Family and I headed out to the Navarre Beach Pier yesterday afternoon, finally got there about 5:30.

I have not fished the Navarre Pier since I was a teenager (too many years ago to count). 

We were fishing for Pompano with fresh dead shrimp (thanks to staff at Half Hitch Tackle who picked the dead ones out of their live tank for us). I have to admit that I have never caught a pompano before !

Well trying to make a long story short I caught my first one after about thirty minutes.
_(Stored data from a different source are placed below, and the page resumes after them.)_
lemma det_gram:
  fixes y :: "'a::linorder \<Rightarrow> real^'n"
  assumes "0 < lam" and "finite S"
  shows "det (gram lam y S)
    = lam ^ CARD('n) * (\<Prod>t\<in>S. 1 + y t \<bullet> (matrix_inv (gram lam y {s\<in>S. s < t}) *v y t))"
  using assms(2)
proof (induction S rule: finite_linorder_max_induct)
  case empty
  have "gram lam y {} = mat lam"
    by (simp add: gram_def vec_eq_iff mat_def)
  then show ?case by (simp add: det_mat)
next
  case (insert b S)
  have "b \<notin> S" and "{s \<in> insert b S. s < b} = S"
    using insert.hyps by auto
  moreover have "{s \<in> insert b S. s < t} = {s \<in> S. s < t}" if "t \<in> S" for t
    using insert.hyps that by auto
  moreover have "gram lam y (insert b S) = gram lam y S + outer (y b)"
    using insert.hyps \<open>b \<notin> S\<close> by (simp add: gram_def algebra_simps)
  ultimately show ?case
    using insert.IH insert.hyps(1) assms(1)
    by (simp add: det_add_outer invertible_gram mult_ac cong: prod.cong)
qed

subsection \<open>The elliptical potential lemma\<close>

lemma min_one_le_two_ln:
  fixes u :: real
  assumes "0 \<le> u"
  shows "min 1 u \<le> 2 * ln (1 + u)"
proof -
  have "u / (1 + u) \<le> ln (1 + u)"
    using ln_le_minus_one[of "1 / (1 + u)"] assms by (simp add: ln_div field_simps)
  moreover have "min 1 u \<le> 2 * (u / (1 + u))"
    using assms mult_left_le_one_le[of u u] by (auto simp: min_def field_simps)
  ultimately show ?thesis by linarith
qed

theorem elliptical_potential:
  fixes y :: "'a::linorder \<Rightarrow> real^'n" and lam :: real
  assumes "0 < lam" and "finite S" and "\<And>s. s \<in> S \<Longrightarrow> norm (y s) \<le> 1"
  shows "(\<Sum>t\<in>S. min 1 (y t \<bullet> (matrix_inv (gram lam y {s\<in>S. s < t}) *v y t)))
    \<le> 2 * real CARD('n) * ln (1 + real (card S) / (lam * real CARD('n)))"
proof -
  define u where "u t = y t \<bullet> (matrix_inv (gram lam y {s\<in>S. s < t}) *v y t)" for t
  define n where "n = real CARD('n)"
  have u_nonneg: "0 \<le> u t" for t
    unfolding u_def using assms(1) by (rule gram_inv_quadratic_nonneg)
  have det_eq: "det (gram lam y S) = lam ^ CARD('n) * (\<Prod>t\<in>S. 1 + u t)"
    unfolding u_def using assms(1,2) by (rule det_gram)
  have prod_pos: "0 < (\<Prod>t\<in>S. 1 + u t)"
    using u_nonneg by (simp add: prod_pos add_pos_nonneg)
  have "1 + u t \<noteq> 0" for t
    using u_nonneg[of t] by linarith
  then have ln_prod_eq: "ln (\<Prod>t\<in>S. 1 + u t) = (\<Sum>t\<in>S. ln (1 + u t))"
    by (simp add: ln_prod assms(2))
  have "(\<Sum>t\<in>S. min 1 (u t)) \<le> (\<Sum>t\<in>S. 2 * ln (1 + u t))"
    by (intro sum_mono min_one_le_two_ln u_nonneg)
  also have "\<dots> = 2 * (ln (det (gram lam y S)) - n * ln lam)"
    using prod_pos assms(1)
    by (simp add: det_eq ln_mult ln_realpow n_def ln_prod_eq sum_distrib_left)
  also have "\<dots> \<le> 2 * (n * ln (trace (gram lam y S) / n) - n * ln lam)"
  proof -
    have "0 < det (gram lam y S)"
      using prod_pos assms(1) by (simp add: det_eq)
    with assms(1) show ?thesis
      using ln_det_le_ln_trace[OF psd_gram[of lam y S]] by (simp add: n_def)
  qed
  also have "\<dots> \<le> 2 * n * ln (1 + card S / (lam * n))"
  proof -
    define m where "m = trace (gram lam y S) / n"
    have "(\<Sum>s\<in>S. (norm (y s))\<^sup>2) \<le> card S"
      using sum_mono[of S "\<lambda>s. (norm (y s))\<^sup>2" "\<lambda>_. 1"] assms(3) by (simp add: power_le_one)
    then have "m / lam \<le> 1 + card S / (lam * n)"
      using assms(1) by (simp add: m_def trace_gram n_def field_simps)
    moreover have "0 < m"
      using assms(1) by (simp add: m_def n_def trace_gram add_nonneg_pos sum_nonneg)
    ultimately have "ln (m / lam) \<le> ln (1 + card S / (lam * n))"
      using assms(1) by (simp add: ln_mono)
    with \<open>0 < m\<close> have "ln m - ln lam \<le> ln (1 + card S / (lam * n))"
      using assms(1) by (simp add: ln_div)
    from mult_left_mono[OF this, of "2 * n"] show ?thesis
      by (simp add: m_def n_def algebra_simps)
  qed
  finally show ?thesis by (simp add: u_def n_def mult_ac)
qed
I was one happy camper  . . . my first pomp

Then the baby sharks started biting, between my son-in-law and I we must have caught 8-10 of them (18" - 22") my son-in-law caught a baby blacktip.

To finish this silly rant I finally caught another pomp about 7:45.

By 8:30 It was starting to get cool for the the baby (his first fishing trip @ 3 1/2 months old) we decided to call it a nite.

Tally - 2 pomps, several baby sharks, 5 catfish = a GREAT time with the family, (wife, daughter, my son-in-law, and grandson)


----------



## FishHard2009 (Dec 3, 2009)

Nice work, congrats on your first and second pompano!!


----------



## esburrell (Apr 9, 2010)

Yep any trip w/ a pomp is a good one in my book


----------



## Choice (Mar 31, 2010)

Thanks . . . .


----------



## 251Hooksalot (Mar 30, 2010)

Its always nice when you catch some nice pomps!


----------



## Nopierpressure (Jul 27, 2010)

Fishin + Family Time = AWESOME!!

Congrats on the Pomps!


----------



## t65k3 (Jun 17, 2009)

I am heading there this weekend, too.... Hope something's biting....


----------